New wealth from substantial oil and gas reserves discovered off the coast in 1996 boosted the tiny country's impoverished economy, but the wealth did not reach the poor. Government corruption and mismanagement were rampant and some 80% of the wealth was amassed by less than 5% of the population, mostly Obiang's family clan. Growing discontent resulted in at least two coups d'état (the government attributed one in May 1997 to opposition Progress Party leader, Severo Moto) and a rebellion on Bioko Island by members of the disenfranchised Bubi ethnic group in January 1998. A military court sentenced 15 of the 215 Bubi activists to death. In September Obiang suspended the sentence, under international pressure.

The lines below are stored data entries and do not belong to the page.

(* Modulo q^(K+1) the correction t' = t + q^K u changes a t^2 by the linear term 2 a t q^K u,
   and 2 a t is a unit modulo q. *)

lemma hensel_odd_step:
  fixes q a b t :: int
  assumes q: "prime q" "\<not> q dvd 2" "\<not> q dvd a" "\<not> q dvd t" and K: "K \<ge> 1"
    and approx: "q ^ K dvd a * t^2 - b"
  shows "\<exists>t'. q ^ Suc K dvd a * t'^2 - b \<and> \<not> q dvd t' \<and> q ^ K dvd t' - t"
proof -
  obtain w where w: "a * t^2 - b = q^K * w"
    using approx by blast
  have "\<not> q dvd 2 * a * t"
    using q by (simp add: prime_dvd_mult_iff)
  then have "coprime (2 * a * t) q"
    using prime_imp_coprime[OF q(1)] coprime_commute by blast
  then obtain v where v: "[2 * a * t * v = 1] (mod q)"
    using cong_solve_coprime_int by blast
  define t' where "t' = t + q^K * (- w * v)"
  have expand: "a * t'^2 - b = q^K * (w - w * (2 * a * t * v)) + (q^K)^2 * (a * (w * v)^2)"
    using w by (simp add: t'_def power2_eq_square algebra_simps)
  have "[w - w * (2 * a * t * v) = w - w * 1] (mod q)"
    using v by (intro cong_diff cong_mult cong_refl)
  then have "q dvd w - w * (2 * a * t * v)"
    by (simp add: cong_0_iff)
  moreover have "q ^ Suc K dvd (q^K)^2"
  proof -
    have "q ^ Suc K dvd q ^ (K * 2)"
      using K by (intro le_imp_power_dvd) simp
    then show ?thesis
      by (simp add: power_mult)
  qed
  ultimately have "q ^ Suc K dvd a * t'^2 - b"
    unfolding expand by (simp add: dvd_add dvd_mult2)
  moreover have "q dvd q^K * (- w * v)"
    using K by (simp add: dvd_power dvd_mult2)
  then have "\<not> q dvd t'"
    using q(4) dvd_add[of q t' "q^K * (w * v)"] by (auto simp: t'_def)
  moreover have "q ^ K dvd t' - t"
    by (simp add: t'_def)
  ultimately show ?thesis
    by blast
qed

lemma padic_sq_solvable_odd:
  assumes p: "prime p" "odd p" and a: "\<not> int p dvd a" and t: "\<not> int p dvd t"
    and root: "[a * t^2 = b] (mod int p)"
  shows "padic_sq_solvable p a b"
proof -
  define q where "q = int p"
  have "\<not> p dvd 2"
    using p primes_dvd_imp_eq[OF p(1) two_is_prime_nat] by auto
  then have q: "prime q" "\<not> q dvd 2"
    using p(1) by (simp_all add: q_def flip: int_dvd_int_iff)
  define P where "P k t \<longleftrightarrow> q ^ Suc k dvd a * t^2 - b \<and> \<not> q dvd t" for k t
  have "\<exists>s. \<forall>k. P k (s k) \<and> q ^ Suc k dvd s (Suc k) - s k"
  proof (rule dependent_nat_choice)
    show "\<exists>t. P 0 t"
      using root t by (auto simp: P_def q_def cong_iff_dvd_diff)
    show "\<exists>t'. P (Suc k) t' \<and> q ^ Suc k dvd t' - t" if "P k t" for t k
    proof -
      have "\<not> q dvd t" "1 \<le> Suc k" "q ^ Suc k dvd a * t^2 - b"
        using that by (simp_all add: P_def)
      from hensel_odd_step[OF q a[folded q_def] this] show ?thesis
        unfolding P_def by blast
    qed
  qed
  then obtain s where s: "\<And>k. q ^ Suc k dvd a * (s k)^2 - b \<and> q ^ Suc k dvd s (Suc k) - s k"
    unfolding P_def by blast
  have "q ^ k dvd q ^ Suc k" for k
    by simp
  then have "\<forall>k. q ^ k dvd s (Suc k) - s k \<and> q ^ k dvd a * (s k)^2 - b"
    using s dvd_trans by blast
  then show ?thesis
    unfolding padic_sq_solvable_def q_def by blast
qed

(* At p = 2 the derivative 2 a t is never a unit. Instead, for odd a t the correction
   t + 2^(j+2) changes a t^2 by 2^(j+3) a t modulo 2^(j+4), which cancels an odd cofactor of
   2^(j+3) in a t^2 - b. *)

lemma hensel_two_step:
  fixes a b t :: int
  assumes "odd a" "odd t" and approx: "2 ^ (j + 3) dvd a * t^2 - b"
  shows "\<exists>t'. 2 ^ (Suc j + 3) dvd a * t'^2 - b \<and> odd t' \<and> 2 ^ (j + 2) dvd t' - t"
proof -
  obtain w where w: "a * t^2 - b = 2^(j + 3) * w"
    using approx by blast
  show ?thesis
  proof (cases "even w")
    case True
    then obtain e where "w = 2 * e"
      by blast
    then have "a * t^2 - b = 2^(Suc j + 3) * e"
      using w by (simp add: power_add)
    then have "2 ^ (Suc j + 3) dvd a * t^2 - b"
      by simp
    then show ?thesis
      using \<open>odd t\<close> by (intro exI[of _ t]) auto
  next
    case False
    define t' where "t' = t + 2^(j + 2)"
    have expand: "a * t'^2 - b = 2^(j + 3) * (w + a * t) + 2^(Suc j + 3) * (2^j * a)"
      using w by (simp add: t'_def power2_eq_square power_add algebra_simps)
    have "even (w + a * t)"
      using False assms by simp
    then obtain c where "w + a * t = 2 * c"
      by blast
    then have "2^(j + 3) * (w + a * t) = 2^(Suc j + 3) * c"
      by (simp add: power_add)
    then have "2 ^ (Suc j + 3) dvd 2^(j + 3) * (w + a * t)"
      by simp
    then have "2 ^ (Suc j + 3) dvd a * t'^2 - b"
      unfolding expand by simp
    moreover have "odd t'" "2 ^ (j + 2) dvd t' - t"
      using assms by (simp_all add: t'_def)
    ultimately show ?thesis
      by blast
  qed
qed

lemma padic_sq_solvable_two:
  assumes a: "odd a" and root: "[a = b] (mod 8)"
  shows "padic_sq_solvable 2 a b"
proof -
  define P where "P k t \<longleftrightarrow> 2 ^ (k + 3) dvd a * t^2 - b \<and> odd t" for k t
  have "\<exists>s. \<forall>k. P k (s k) \<and> 2 ^ (k + 2) dvd s (Suc k) - s k"
  proof (rule dependent_nat_choice)
    show "\<exists>t. P 0 t"
      using root by (intro exI[of _ 1]) (simp add: P_def cong_iff_dvd_diff)
    show "\<exists>t'. P (Suc k) t' \<and> 2 ^ (k + 2) dvd t' - t" if "P k t" for t k
      using hensel_two_step[OF a, of t k b] that unfolding P_def by blast
  qed
  then obtain s where s: "\<And>k. 2 ^ (k + 3) dvd a * (s k)^2 - b \<and> 2 ^ (k + 2) dvd s (Suc k) - s k"
    unfolding P_def by blast
  have "(2::int) ^ k dvd 2 ^ (k + j)" for k j
    by (simp add: le_imp_power_dvd)
  then have "\<forall>k. 2 ^ k dvd s (Suc k) - s k \<and> 2 ^ k dvd a * (s k)^2 - b"
    using s dvd_trans by blast
  then show ?thesis
    unfolding padic_sq_solvable_def of_nat_numeral by blast
qed

lemma square_mod_prime_inj:
  fixes q x y :: int
  assumes "prime q" "0 \<le> x" "2 * x < q" "0 \<le> y" "2 * y < q"
    and "q dvd x^2 - y^2"
  shows "x = y"
proof (rule ccontr)
  assume "x \<noteq> y"
  have "x^2 - y^2 = (x - y) * (x + y)"
    by (simp add: power2_eq_square algebra_simps)
  then have "q dvd x - y \<or> q dvd x + y"
    using assms by (simp add: prime_dvd_mult_iff)
  moreover have "x - y \<noteq> 0" "x + y \<noteq> 0"
    using \<open>x \<noteq> y\<close> assms by linarith+
  ultimately have "\<bar>q\<bar> \<le> \<bar>x - y\<bar> \<or> \<bar>q\<bar> \<le> \<bar>x + y\<bar>"
    using dvd_imp_le_int by blast
  then show False
    using assms by linarith
qed

(* Pigeonhole: a x^2 and c - b y^2 each take (q + 1) / 2 distinct values modulo q as x and y
   range over 0, ..., (q - 1) / 2, so the two value sets meet. *)

lemma binary_form_represents_mod_prime:
  fixes q a b c :: int
  assumes q: "prime q" "odd q" and a: "\<not> q dvd a" and b: "\<not> q dvd b"
  shows "\<exists>x y. [a * x^2 + b * y^2 = c] (mod q)"
proof (rule ccontr)
  assume none: "\<not> ?thesis"
  define h where "h = (q - 1) div 2"
  have q2: "q = 2 * h + 1"
    using q(2) by (simp add: h_def)
  define S where "S = {0..h}"
  have S_small: "0 \<le> x \<and> 2 * x < q" if "x \<in> S" for x
    using that q2 by (auto simp: S_def)
  define A where "A = (\<lambda>x. (a * x^2) mod q) ` S"
  define B where "B = (\<lambda>y. (c - b * y^2) mod q) ` S"
  have "inj_on (\<lambda>x. (a * x^2) mod q) S"
  proof (rule inj_onI)
    fix x y
    assume "x \<in> S" "y \<in> S" "(a * x^2) mod q = (a * y^2) mod q"
    then have "q dvd a * (x^2 - y^2)"
      by (simp add: mod_eq_dvd_iff right_diff_distrib)
    then show "x = y"
      using square_mod_prime_inj[OF q(1)] S_small \<open>x \<in> S\<close> \<open>y \<in> S\<close> a q(1)
      by (simp add: prime_dvd_mult_iff)
  qed
  then have card_A: "card A = nat (h + 1)"
    by (simp add: A_def S_def card_image)
  have "inj_on (\<lambda>y. (c - b * y^2) mod q) S"
  proof (rule inj_onI)
    fix x y
    assume "x \<in> S" "y \<in> S" "(c - b * x^2) mod q = (c - b * y^2) mod q"
    then have "q dvd (- b) * (x^2 - y^2)"
      by (simp add: mod_eq_dvd_iff algebra_simps)
    then show "x = y"
      using square_mod_prime_inj[OF q(1)] S_small \<open>x \<in> S\<close> \<open>y \<in> S\<close> b q(1)
      by (simp add: prime_dvd_mult_iff)
  qed
  then have card_B: "card B = nat (h + 1)"
    by (simp add: B_def S_def card_image)
  have "A \<inter> B = {}"
  proof -
    have "(a * x^2) mod q \<noteq> (c - b * y^2) mod q" for x y
    proof
      assume "(a * x^2) mod q = (c - b * y^2) mod q"
      then have "[a * x^2 + b * y^2 = (c - b * y^2) + b * y^2] (mod q)"
        by (intro cong_add cong_refl) (simp add: cong_def)
      then show False
        using none by simp
    qed
    then show ?thesis
      by (auto simp: A_def B_def)
  qed
  then have "card A + card B = card (A \<union> B)"
    by (simp add: card_Un_disjoint A_def B_def S_def)
  also have "\<dots> \<le> card {0..<q}"
    using prime_gt_1_int[OF q(1)] by (intro card_mono) (auto simp: A_def B_def)
  finally have "nat (h + 1) + nat (h + 1) \<le> nat q"
    using card_A card_B by simp
  then show False
    using q2 prime_gt_1_int[OF q(1)] by linarith
qed

lemma padic_rep_of_cong_x:
  assumes p: "prime p" "odd p" and unit: "\<not> int p dvd 5 * x"
    and root: "[ff x y z = m] (mod int p)"
  shows "padic_rep p m"
proof -
  have "\<not> int p dvd 5" "\<not> int p dvd x"
    using unit by (auto intro: dvd_mult dvd_mult2)
  moreover have "[5 * x^2 = m - 7 * y^2 - 70 * z^2] (mod int p)"
    using root by (simp add: ff_def cong_iff_dvd_diff algebra_simps)
  ultimately have "padic_sq_solvable p 5 (m - 7 * y^2 - 70 * z^2)"
    by (rule padic_sq_solvable_odd[OF p])
  then show ?thesis
    using prime_gt_0_nat[OF p(1)] by (rule padic_rep_of_sq_solvable_x[rotated])
qed

lemma padic_rep_of_cong_y:
  assumes p: "prime p" "odd p" and unit: "\<not> int p dvd 7 * y"
    and root: "[ff x y z = m] (mod int p)"
  shows "padic_rep p m"
proof -
  have "\<not> int p dvd 7" "\<not> int p dvd y"
    using unit by (auto intro: dvd_mult dvd_mult2)
  moreover have "[7 * y^2 = m - 5 * x^2 - 70 * z^2] (mod int p)"
    using root by (simp add: ff_def cong_iff_dvd_diff algebra_simps)
  ultimately have "padic_sq_solvable p 7 (m - 5 * x^2 - 70 * z^2)"
    by (rule padic_sq_solvable_odd[OF p])
  then show ?thesis
    using prime_gt_0_nat[OF p(1)] by (rule padic_rep_of_sq_solvable_y[rotated])
qed

lemma padic_rep_away_from_2_5_7:
  assumes p: "prime p" "p \<notin> {2, 5, 7}"
  shows "padic_rep p m"
proof -
  define q where "q = int p"
  have "p \<noteq> 2"
    using p(2) by simp
  with prime_ge_2_nat[OF p(1)] have "odd p"
    by (intro prime_odd_nat[OF p(1)]) linarith
  have primes: "prime (2::nat)" "prime (5::nat)" "prime (7::nat)"
    by (simp_all add: prime_nat_iff' atLeastLessThan_nat_numeral)
  have "\<not> p dvd 2" "\<not> p dvd 5" "\<not> p dvd 7"
    using p primes_dvd_imp_eq[OF p(1) primes(1)] primes_dvd_imp_eq[OF p(1) primes(2)]
      primes_dvd_imp_eq[OF p(1) primes(3)] by auto
  moreover have "\<not> p dvd 2 * 5 * 7"
    using calculation by (simp only: prime_dvd_mult_iff[OF p(1)]) blast
  ultimately have "\<not> p dvd 5" "\<not> p dvd 7" "\<not> p dvd 70"
    by simp_all
  then have n5: "\<not> q dvd 5" and n7: "\<not> q dvd 7" and n70: "\<not> q dvd 70"
    unfolding q_def by (simp_all flip: int_dvd_int_iff)
  have "\<exists>z. \<not> q dvd m - 70 * z^2"
  proof (cases "q dvd m")
    case True
    have "\<not> q dvd m - 70"
      using True n70 dvd_diff[of q m "m - 70"] by auto
    then show ?thesis
      by (intro exI[of _ 1]) simp
  next
    case False
    then show ?thesis
      by (intro exI[of _ 0]) simp
  qed
  then obtain z where z: "\<not> q dvd m - 70 * z^2"
    by blast
  have "prime q" "odd q"
    using p \<open>odd p\<close> by (simp_all add: q_def)
  then obtain x y where xy: "[5 * x^2 + 7 * y^2 = m - 70 * z^2] (mod q)"
    using binary_form_represents_mod_prime n5 n7 by blast
  then have root: "[ff x y z = m] (mod int p)"
    by (simp add: ff_def cong_iff_dvd_diff algebra_simps q_def)
  have "\<not> q dvd x \<or> \<not> q dvd y"
  proof (rule ccontr)
    assume "\<not> ?thesis"
    then have "q dvd x" "q dvd y"
      by simp_all
    then have "q dvd 5 * x^2 + 7 * y^2"
      by (simp add: power2_eq_square)
    moreover have "q dvd 5 * x^2 + 7 * y^2 - (m - 70 * z^2)"
      using xy by (simp add: cong_iff_dvd_diff)
    ultimately have "q dvd (5 * x^2 + 7 * y^2) - (5 * x^2 + 7 * y^2 - (m - 70 * z^2))"
      by (rule dvd_diff)
    then have "q dvd m - 70 * z^2"
      by simp
    with z show False ..
  qed
  then show ?thesis
  proof
    assume "\<not> q dvd x"
    then have "\<not> int p dvd 5 * x"
      using \<open>prime q\<close> n5 by (simp add: q_def prime_dvd_mult_iff)
    then show ?thesis
      using padic_rep_of_cong_x[OF p(1) \<open>odd p\<close> _ root] by blast
  next
    assume "\<not> q dvd y"
    then have "\<not> int p dvd 7 * y"
      using \<open>prime q\<close> n7 by (simp add: q_def prime_dvd_mult_iff)
    then show ?thesis
      using padic_rep_of_cong_y[OF p(1) \<open>odd p\<close> _ root] by blast
  qed
qed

The ruling PDGE won 65 of the 80 seats in the second multiparty parliamentary elections held on 7 March 1999. In July 1999, the Prime Minister, Angel Serafin Seriche Dougan, and his government resigned, apparently to pave way for a government of national unity. The president offered to give a cabinet position to each of the opposition parties. Second multi-party legislative elections were held on 7 March 1999. Mainstream opposition parties participated in the elections, but along with the international community, denounced the elections for serious irregularities. The ruling PDGE again won 75 seats. The Convergence for a Social Democracy (CPDS) and the People's Union (UP) respectively got one and four seats.
In elections held 15 December 2002 Obiang officially was reelected with 97.1% to 2.2% of the vote for Celestino Bonifacio Bacale, but as in the past, the elections were marred by fraud, and held little credibility either domestically or abroad.

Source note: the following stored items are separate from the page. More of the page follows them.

(* Let $(K_i)_{i\in\mathbb N}$ be number fields with $K_i\subseteq K_{i+1}$ for all $i$ and $\overline{\mathbb Q}=\bigcup_{i}K_i$. For each $i\in\mathbb N$ and each non-Archimedean place $v$ of $K_i$ let $d_i(v)\in\mathbb Q$, and assume $d_i(v)=\sum_{w\in W_v(K_{i+1}/K_i)}d_{i+1}(w)$ for all $i$ and all non-Archimedean places $v$ of $K_i$. Then there exists a unique consistent map $c:\mathcal J\to\mathbb Q$ such that $c(K_i,v)=d_i(v)$ for all $i\in\mathbb N$ and all non-Archimedean places $v$ of $K_i$.
   Context: $\overline{\mathbb Q}$ is an algebraic closure of $\mathbb Q$. For number fields $K\subseteq L$ and a place $v$ of $K$, $W_v(L/K)$ denotes the set of places of $L$ dividing $v$. $\mathcal J$ is the set of pairs $(K,v)$ with $K\subseteq\overline{\mathbb Q}$ a number field and $v$ a non-Archimedean place of $K$. A map $c:\mathcal J\to\mathbb Q$ is consistent if $c(K,v)=\sum_{w\in W_v(L/K)}c(L,w)$ for all number fields $K$, all finite extensions $L/K$, and all non-Archimedean places $v$ of $K$. *)

theory Defs
  imports Complex_Main "HOL-Computational_Algebra.Polynomial"
begin

definition Qbar :: "complex set" where
  "Qbar = {z. algebraic z}"

definition subfield_C :: "complex set \<Rightarrow> bool" where
  "subfield_C K \<longleftrightarrow> 0 \<in> K \<and> 1 \<in> K \<and>
     (\<forall>x\<in>K. \<forall>y\<in>K. x + y \<in> K \<and> x - y \<in> K \<and> x * y \<in> K) \<and>
     (\<forall>x\<in>K. x \<noteq> 0 \<longrightarrow> inverse x \<in> K)"

definition number_field :: "complex set \<Rightarrow> bool" where
  "number_field K \<longleftrightarrow> K \<subseteq> Qbar \<and> subfield_C K \<and>
     (\<exists>B. finite B \<and> B \<subseteq> K \<and>
        (\<forall>x\<in>K. \<exists>q. (\<forall>b\<in>B. q b \<in> \<rat>) \<and> x = (\<Sum>b\<in>B. q b * b)))"

definition nonarch_abs :: "complex set \<Rightarrow> (complex \<Rightarrow> real) \<Rightarrow> bool" where
  "nonarch_abs K f \<longleftrightarrow> (\<forall>x. x \<notin> K \<longrightarrow> f x = 0) \<and>
     (\<forall>x\<in>K. f x \<ge> 0 \<and> (f x = 0 \<longleftrightarrow> x = 0)) \<and>
     (\<forall>x\<in>K. \<forall>y\<in>K. f (x * y) = f x * f y \<and> f (x + y) \<le> max (f x) (f y))"

definition nontrivial_abs :: "complex set \<Rightarrow> (complex \<Rightarrow> real) \<Rightarrow> bool" where
  "nontrivial_abs K f \<longleftrightarrow> (\<exists>x\<in>K. x \<noteq> 0 \<and> f x \<noteq> 1)"

definition equiv_abs :: "complex set \<Rightarrow> (complex \<Rightarrow> real) \<Rightarrow> (complex \<Rightarrow> real) \<Rightarrow> bool" where
  "equiv_abs K f g \<longleftrightarrow> (\<exists>s>0. \<forall>x\<in>K. g x = f x powr s)"

definition nonarch_places :: "complex set \<Rightarrow> (complex \<Rightarrow> real) set set" where
  "nonarch_places K = {{g. nonarch_abs K g \<and> equiv_abs K f g} | f.
      nonarch_abs K f \<and> nontrivial_abs K f}"

definition restrict_abs :: "complex set \<Rightarrow> (complex \<Rightarrow> real) \<Rightarrow> (complex \<Rightarrow> real)" where
  "restrict_abs K f = (\<lambda>x. if x \<in> K then f x else 0)"

definition W :: "complex set \<Rightarrow> complex set \<Rightarrow> (complex \<Rightarrow> real) set \<Rightarrow> (complex \<Rightarrow> real) set set" where
  "W L K v = {w \<in> nonarch_places L. \<exists>f\<in>w. restrict_abs K f \<in> v}"

definition J :: "(complex set \<times> (complex \<Rightarrow> real) set) set" where
  "J = {(K, v). number_field K \<and> v \<in> nonarch_places K}"

definition consistent :: "(complex set \<Rightarrow> (complex \<Rightarrow> real) set \<Rightarrow> rat) \<Rightarrow> bool" where
  "consistent c \<longleftrightarrow> (\<forall>K L v. number_field K \<longrightarrow> number_field L \<longrightarrow> K \<subseteq> L \<longrightarrow>
      v \<in> nonarch_places K \<longrightarrow> c K v = (\<Sum>w\<in>W L K v. c L w))"

end

theory Submission
  imports Defs
begin

(* For a number field L and a place w of L, choose i with L \<subseteq> K i and put
   c(L, w) = \<Sum> d_i(u) over the places u of K i above w. The places of M above v, for
   K \<subseteq> L \<subseteq> M, are partitioned according to the place of L below them, so such sums are
   transitive; together with the compatibility of d this makes c(L, w) independent of i and
   consistent, and any consistent c' agreeing with d equals c, by consistency for L \<subseteq> K i.
   All sums are finite: by weak approximation the places of L above a place v can be separated by
   elements of L, and separating elements are linearly independent over Q once the absolute values
   are normalised to agree on K, so there are at most [L : Q] such places. *)

lemma nonarch_abs_outside: "nonarch_abs K f \<Longrightarrow> x \<notin> K \<Longrightarrow> f x = 0"
  unfolding nonarch_abs_def by auto

lemma nonarch_abs_nonneg: "nonarch_abs K f \<Longrightarrow> 0 \<le> f x"
  unfolding nonarch_abs_def by (cases "x \<in> K") auto

lemma nonarch_abs_eq_0_iff: "nonarch_abs K f \<Longrightarrow> x \<in> K \<Longrightarrow> f x = 0 \<longleftrightarrow> x = 0"
  unfolding nonarch_abs_def by auto

lemma nonarch_abs_pos: "nonarch_abs K f \<Longrightarrow> x \<in> K \<Longrightarrow> x \<noteq> 0 \<Longrightarrow> 0 < f x"
  using nonarch_abs_nonneg nonarch_abs_eq_0_iff by (metis less_eq_real_def)

lemma nonarch_abs_mult: "nonarch_abs K f \<Longrightarrow> x \<in> K \<Longrightarrow> y \<in> K \<Longrightarrow> f (x * y) = f x * f y"
  unfolding nonarch_abs_def by auto

lemma nonarch_abs_add_le:
  "nonarch_abs K f \<Longrightarrow> x \<in> K \<Longrightarrow> y \<in> K \<Longrightarrow> f (x + y) \<le> max (f x) (f y)"
  unfolding nonarch_abs_def by auto

lemma nonarch_abs_powr:
  assumes f: "nonarch_abs K f" and "0 < t"
  shows "nonarch_abs K (\<lambda>x. f x powr t)"
proof -
  have "f (x + y) powr t \<le> max (f x powr t) (f y powr t)" if "x \<in> K" "y \<in> K" for x y
    using nonarch_abs_add_le[OF f that] nonarch_abs_nonneg[OF f] \<open>0 < t\<close>
    by (metis le_max_iff_disj less_imp_le powr_mono2)
  then show ?thesis
    using f \<open>0 < t\<close> unfolding nonarch_abs_def by (auto simp: powr_mult)
qed

lemma equiv_abs_refl: "nonarch_abs K f \<Longrightarrow> equiv_abs K f f"
  unfolding equiv_abs_def by (intro exI[of _ 1]) (auto simp: nonarch_abs_nonneg)

lemma equiv_abs_sym:
  assumes "nonarch_abs K f" "equiv_abs K f g"
  shows "equiv_abs K g f"
proof -
  obtain s where "0 < s" "\<forall>x\<in>K. g x = f x powr s"
    using assms(2) unfolding equiv_abs_def by auto
  then show ?thesis
    unfolding equiv_abs_def using nonarch_abs_nonneg[OF assms(1)]
    by (intro exI[of _ "1/s"]) (auto simp: powr_powr)
qed

lemma equiv_abs_trans: "equiv_abs K f g \<Longrightarrow> equiv_abs K g h \<Longrightarrow> equiv_abs K f h"
  unfolding equiv_abs_def by (metis (no_types) mult_pos_pos powr_powr)

lemma nontrivial_abs_equiv:
  assumes f: "nonarch_abs K f" and "nontrivial_abs K f" "equiv_abs K f g"
  shows "nontrivial_abs K g"
proof -
  obtain x where x: "x \<in> K" "x \<noteq> 0" "f x \<noteq> 1"
    using assms(2) unfolding nontrivial_abs_def by auto
  obtain s where "0 < s" "g x = f x powr s"
    using assms(3) x(1) unfolding equiv_abs_def by auto
  then have "ln (g x) = s * ln (f x)" by simp
  moreover have "ln (f x) \<noteq> 0" using x nonarch_abs_pos[OF f x(1,2)] by simp
  ultimately have "g x \<noteq> 1" using \<open>0 < s\<close> by auto
  then show ?thesis using x unfolding nontrivial_abs_def by auto
qed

The judiciary, which often has come under international scrutiny, scheduled a national conference in January 2003 to seek ways to improve human rights and to strengthen rule of law following criticism by rights groups, the opposition, and the Spanish government of the sentencing of 68 opposition activists for between six and 20 years in jail on charges of plotting to overthrow the president. Also in January 2003, Equatorial Guinea sent a contingent of soldiers to Central African Republic as part of the Economic and Monetary Community of Central African States' (CEMAC) peacekeeping force in the region.